3.4 Layer 4: Standardised failure-mode taxonomy with extension hooks

OCEF adopts a fixed seven-category failure taxonomy adapted to C-UAS, plus an extension-hook mechanism so v0.2 does not require taxonomy completeness it cannot guarantee:

Core taxonomy (F-1 through F-7):

F-1: Missed initial acquisition (target never detected)
F-2: Late acquisition (target detected but past mission-relevant range)
F-3: Mid-track loss (target detected, then dropped before engagement decision)
F-4: Friend-as-foe misclassification
F-5: Bird-as-drone misclassification
F-6: Drone-A-as-Drone-B misclassification
F-7: Adversarial-induced failure (failure caused by Layer 3 adversarial case)

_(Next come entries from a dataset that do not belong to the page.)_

lemma subfield_nonzero_imp_beta_power:
  assumes "c \<in> F" "c \<noteq> 0"
  obtains s where "s < q - 1" "c = \<beta> ^ (b * s)"
proof -
  obtain n where n: "c = \<omega> ^ n" using assms primitive by (auto simp: primitive_element_def)
  then have "\<omega> ^ (n * (q - 1)) = 1"
    using assms by (simp add: nonzero_in_subfield_iff power_mult)
  then have "k * b * (q - 1) dvd n * (q - 1)" by (simp add: omega_power_eq_1_iff)
  then have "k * b dvd n" using q_ge_2 by simp
  then obtain s where s: "n = k * b * s" ..
  have "(k * b * s) mod (k * b * (q - 1)) = (k * b * (s mod (q - 1))) mod (k * b * (q - 1))"
    by (simp only: mult_mod_right mod_mod_trivial)
  then have "c = \<omega> ^ (k * b * (s mod (q - 1)))"
    unfolding n s by (simp add: omega_power_eq_iff)
  then have "c = \<beta> ^ (b * (s mod (q - 1)))"
    by (simp add: power_mult mult.assoc)
  moreover have "s mod (q - 1) < q - 1" using q_ge_2 by (intro mod_less_divisor) linarith
  ultimately show ?thesis using that by blast
qed

lemma subfield_eq: "F = insert 0 ((\<lambda>s. \<beta> ^ (b * s)) ` {..<q - 1})"
proof
  show "F \<subseteq> insert 0 ((\<lambda>s. \<beta> ^ (b * s)) ` {..<q - 1})"
    by (auto elim: subfield_nonzero_imp_beta_power)
  show "insert 0 ((\<lambda>s. \<beta> ^ (b * s)) ` {..<q - 1}) \<subseteq> F"
    using q_pos beta_power_in_subfield by (auto simp: subfield_q_def)
qed

lemma card_subfield: "card F = q"
proof -
  have "inj_on (\<lambda>s. \<beta> ^ (b * s)) {..<q - 1}"
  proof (rule inj_onI)
    fix i j assume i: "i \<in> {..<q - 1}" and j: "j \<in> {..<q - 1}"
      and "\<beta> ^ (b * i) = \<beta> ^ (b * j)"
    then have "\<omega> ^ (k * b * i) = \<omega> ^ (k * b * j)"
      by (simp add: power_mult mult.assoc)
    then have "(k * b * i) mod (k * b * (q - 1)) = (k * b * j) mod (k * b * (q - 1))"
      by (simp only: omega_power_eq_iff)
    then have "k * b * (i mod (q - 1)) = k * b * (j mod (q - 1))"
      by (simp only: mult_mod_right)
    then show "i = j" using k_pos b_pos i j by simp
  qed
  then show ?thesis
    unfolding subfield_eq using omega_nonzero q_ge_2
    by (subst card_insert_disjoint) (auto simp: card_image)
qed

lemma kth_powers_eq: "kth_powers k = {c * \<beta> ^ i | c i. c \<in> F \<and> c \<noteq> 0 \<and> i < b}"
proof
  show "kth_powers k \<subseteq> {c * \<beta> ^ i | c i. c \<in> F \<and> c \<noteq> 0 \<and> i < b}"
  proof
    fix y :: 'a assume "y \<in> kth_powers k"
    then obtain z where "y = z ^ k" "z \<noteq> 0" by (auto simp: kth_powers_def)
    moreover obtain n where "z = \<omega> ^ n"
      using \<open>z \<noteq> 0\<close> primitive by (auto simp: primitive_element_def)
    ultimately have "y = \<beta> ^ n"
      by (simp add: mult.commute[of n] flip: power_mult)
    also have "\<dots> = \<beta> ^ (b * (n div b)) * \<beta> ^ (n mod b)"
      by (simp flip: power_add)
    finally have "y = \<beta> ^ (b * (n div b)) * \<beta> ^ (n mod b)" .
    then show "y \<in> {c * \<beta> ^ i | c i. c \<in> F \<and> c \<noteq> 0 \<and> i < b}"
      using beta_power_in_subfield omega_nonzero b_pos by fastforce
  qed
  show "{c * \<beta> ^ i | c i. c \<in> F \<and> c \<noteq> 0 \<and> i < b} \<subseteq> kth_powers k"
  proof clarify
    fix c :: 'a and i assume "c \<in> F" "c \<noteq> 0"
    then obtain s where "c = \<beta> ^ (b * s)" by (rule subfield_nonzero_imp_beta_power)
    then have "c * \<beta> ^ i = (\<omega> ^ (b * s + i)) ^ k"
      by (simp add: power_add power_mult_distrib ac_simps flip: power_mult)
    then show "c * \<beta> ^ i \<in> kth_powers k"
      using omega_nonzero by (auto simp: kth_powers_def)
  qed
qed

lemma coprime_order_p: "coprime (b * (q - 1)) p"
proof -
  have "b * (q - 1) dvd p ^ (a * b) - 1"
    using primitive_divisor by (simp add: primitive_divisor_def)
  moreover have "p dvd p ^ (a * b)"
    using a_pos b_pos by (simp add: dvd_power)
  moreover have "coprime (p ^ (a * b) - 1) (p ^ (a * b))"
    using prime_gt_0_nat[OF prime_p] by (intro coprime_diff_one_left_nat) simp
  ultimately show ?thesis by (rule coprime_divisors)
qed

lemma frobenius_conjugates_distinct: "inj_on (\<lambda>t. \<beta> ^ (q ^ t)) {..<b}"
proof (rule linorder_inj_onI')
  fix s t assume "s \<in> {..<b}" "t \<in> {..<b}" "s < t"
  show "\<beta> ^ (q ^ s) \<noteq> \<beta> ^ (q ^ t)"
  proof
    assume "\<beta> ^ (q ^ s) = \<beta> ^ (q ^ t)"
    then have "\<omega> ^ (k * q ^ t) = \<omega> ^ (k * q ^ s)"
      by (simp add: power_mult)
    then have "(k * q ^ t) mod (k * b * (q - 1)) = (k * q ^ s) mod (k * b * (q - 1))"
      by (simp only: omega_power_eq_iff)
    moreover have "k * q ^ s \<le> k * q ^ t"
      using \<open>s < t\<close> q_pos by (simp add: power_increasing)
    ultimately have "k * (b * (q - 1)) dvd k * (q ^ s * (q ^ (t - s) - 1))"
      using \<open>s < t\<close>
      by (simp add: mod_eq_dvd_iff_nat diff_mult_distrib2 mult.assoc flip: power_add)
    then have "b * (q - 1) dvd q ^ s * (q ^ (t - s) - 1)"
      using k_pos by simp
    then have "b * (q - 1) dvd p ^ (a * (t - s)) - 1"
      using coprime_order_p q_def by (simp add: coprime_dvd_mult_right_iff power_mult)
    moreover have "1 \<le> a * (t - s)" "a * (t - s) < a * b"
      using a_pos \<open>s < t\<close> \<open>t \<in> {..<b}\<close> by auto
    ultimately show False
      using primitive_divisor by (auto simp: primitive_divisor_def)
  qed
qed

text \<open>Raising a relation \<open>\<Sum>j<b. d\<^sub>j \<beta>\<^sup>j = 0\<close> with coefficients in \<open>F\<close> to the power \<open>q\<^sup>t\<close>
  makes every conjugate \<open>\<beta>\<^bsup>q\<^sup>t\<^esup>\<close> a root of \<open>\<Sum>j<b. d\<^sub>j X\<^sup>j\<close>.\<close>
lemma beta_powers_independent:
  assumes "\<forall>j<b. d j \<in> F" and "(\<Sum>j<b. d j * \<beta> ^ j) = 0" and "j < b"
  shows "d j = 0"
proof (rule ccontr)
  assume "d j \<noteq> 0"
  define P where "P = (\<Sum>j<b. monom (d j) j)"
  have coeff_P: "coeff P i = (if i < b then d i else 0)" for i
    unfolding P_def coeff_sum by (simp add: coeff_monom)
  have "P \<noteq> 0" using coeff_P[of j] \<open>j < b\<close> \<open>d j \<noteq> 0\<close> by auto
  have "degree P < b"
    using b_pos by (intro degree_lessI) (auto simp: coeff_P \<open>P \<noteq> 0\<close>)
  have "poly P (\<beta> ^ (q ^ t)) = 0" for t
  proof -
    have "d i ^ (q ^ t) = d i" if "i < b" for i
      using assms(1) subfield_q_power_iterate that by blast
    then have "poly P (\<beta> ^ (q ^ t)) = (\<Sum>j<b. (d j * \<beta> ^ j) ^ (q ^ t))"
      unfolding P_def poly_sum poly_monom
      by (intro sum.cong refl) (simp add: power_mult_distrib ac_simps flip: power_mult)
    also have "\<dots> = (\<Sum>j<b. d j * \<beta> ^ j) ^ (q ^ t)"
      by (rule freshmans_dream_sum'[symmetric, where n = "a * t"])
       (simp_all add: CHAR_eq prime_p q_def power_mult)
    finally show ?thesis using assms(2) q_pos by simp
  qed
  then have "(\<lambda>t. \<beta> ^ (q ^ t)) ` {..<b} \<subseteq> {x. poly P x = 0}" by auto
  then have "card ((\<lambda>t. \<beta> ^ (q ^ t)) ` {..<b}) \<le> degree P"
    using card_mono[OF poly_roots_finite[OF \<open>P \<noteq> 0\<close>]] card_poly_roots_bound[OF \<open>P \<noteq> 0\<close>]
    by (meson le_trans)
  then show False
    using \<open>degree P < b\<close> frobenius_conjugates_distinct by (simp add: card_image)
qed

lemma sum_beta_powers_eq_iff:
  assumes "\<forall>j<b. d j \<in> F" "\<forall>j<b. e j \<in> F"
  shows "(\<Sum>j<b. d j * \<beta> ^ j) = (\<Sum>j<b. e j * \<beta> ^ j) \<longleftrightarrow> (\<forall>j<b. d j = e j)"
proof
  assume "(\<Sum>j<b. d j * \<beta> ^ j) = (\<Sum>j<b. e j * \<beta> ^ j)"
  then have "(\<Sum>j<b. (d j - e j) * \<beta> ^ j) = 0"
    by (simp add: left_diff_distrib sum_subtractf)
  moreover have "\<forall>j<b. d j - e j \<in> F"
    using assms by (simp add: subfield_diff)
  ultimately have "d j - e j = 0" if "j < b" for j
    using beta_powers_independent[of "\<lambda>j. d j - e j"] that by blast
  then show "\<forall>j<b. d j = e j" by simp
next
  assume "\<forall>j<b. d j = e j"
  then show "(\<Sum>j<b. d j * \<beta> ^ j) = (\<Sum>j<b. e j * \<beta> ^ j)"
    by (intro sum.cong) auto
qed

definition from_coords :: "'a list \<Rightarrow> 'a" where
  "from_coords cs = (\<Sum>i<b. cs ! i * \<omega> ^ (i * k))"

lemma from_coords_eq: "from_coords cs = (\<Sum>i<b. cs ! i * \<beta> ^ i)"
  by (simp add: from_coords_def mult.commute flip: power_mult)

lemma inj_on_from_coords: "inj_on from_coords (hamming_vertices b F)"
proof (rule inj_onI)
  fix cs ds assume "cs \<in> hamming_vertices b F" "ds \<in> hamming_vertices b F"
    and "from_coords cs = from_coords ds"
  moreover from this have "\<forall>j<b. cs ! j = ds ! j"
    by (simp add: from_coords_eq sum_beta_powers_eq_iff hamming_vertices_nth)
  ultimately show "cs = ds"
    by (auto simp: hamming_vertices_def intro: nth_equalityI)
qed

lemma bij_betw_from_coords: "bij_betw from_coords (hamming_vertices b F) UNIV"
proof -
  have "card (from_coords ` hamming_vertices b F) = card (UNIV :: 'a set)"
    using inj_on_from_coords
    by (simp add: card_image card_hamming_vertices card_subfield card_field)
  then have "from_coords ` hamming_vertices b F = UNIV"
    by (intro card_eq_UNIV_imp_eq_UNIV) simp_all
  then show ?thesis
    using inj_on_from_coords by (simp add: bij_betw_def)
qed

lemma coords_from_coords:
  assumes "cs \<in> hamming_vertices b F"
  shows "coords q b k \<omega> (from_coords cs) = cs"
  unfolding coords_def
proof (rule the_equality)
  fix ds assume "length ds = b \<and> set ds \<subseteq> F \<and> from_coords cs = (\<Sum>i<b. ds ! i * \<omega> ^ (i * k))"
  then have "ds \<in> hamming_vertices b F" "from_coords ds = from_coords cs"
    by (auto simp: hamming_vertices_def from_coords_def)
  then show "ds = cs" using assms inj_on_from_coords by (auto dest: inj_onD)
qed (use assms in \<open>auto simp: hamming_vertices_def from_coords_def\<close>)

lemma coords_in_hamming_vertices: "coords q b k \<omega> x \<in> hamming_vertices b F"
  and from_coords_coords: "from_coords (coords q b k \<omega> x) = x"
proof -
  obtain cs where "cs \<in> hamming_vertices b F" "x = from_coords cs"
    using bij_betw_from_coords by (metis bij_betw_iff_bijections iso_tuple_UNIV_I)
  then show "coords q b k \<omega> x \<in> hamming_vertices b F" "from_coords (coords q b k \<omega> x) = x"
    by (simp_all add: coords_from_coords)
qed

Extended taxonomy (F-8 through F-12), required where applicable:

F-8: Oscillating-confidence failure (chattering classification near operating threshold; distinct from F-3 clean drop)
F-9: Sensor-fault-as-adversary (system fault attributed to environment or threat; e.g., SDR clock drift producing A-005-like signature)
F-10: Geolocation failure (detection succeeds with correct class but kinematic state estimate off by more than mission-defined tolerance)
F-11: Latency failure (detection in time at correct range but classification out of time)
F-12: Track-fragmentation / re-identification failure (single drone fragmented into multiple tracks)

Extension hook: implementers facing failure modes outside F-1 through F-12 publish a custom failure category (F-N) with operational definition and a rationale in the manifest. The OCEF maintainer reviews extension-hook entries quarterly for inclusion in the next minor version.

Each test report supplies a confusion matrix and a mission-weighted cost vector. The cost vector is a length-N row of non-negative reals summing to 1 (with floating-point tolerance |sum - 1| < 1e-6 enforced by the manifest validator), where N is the number of failure categories used (minimum 7, maximum 7 + extension entries). Reference cost vectors for M-CIV-AIRPORT, M-CRIT-INFRA, M-FOB-PERIM ship in Appendix B. The cost-aggregation function is defined in Appendix C.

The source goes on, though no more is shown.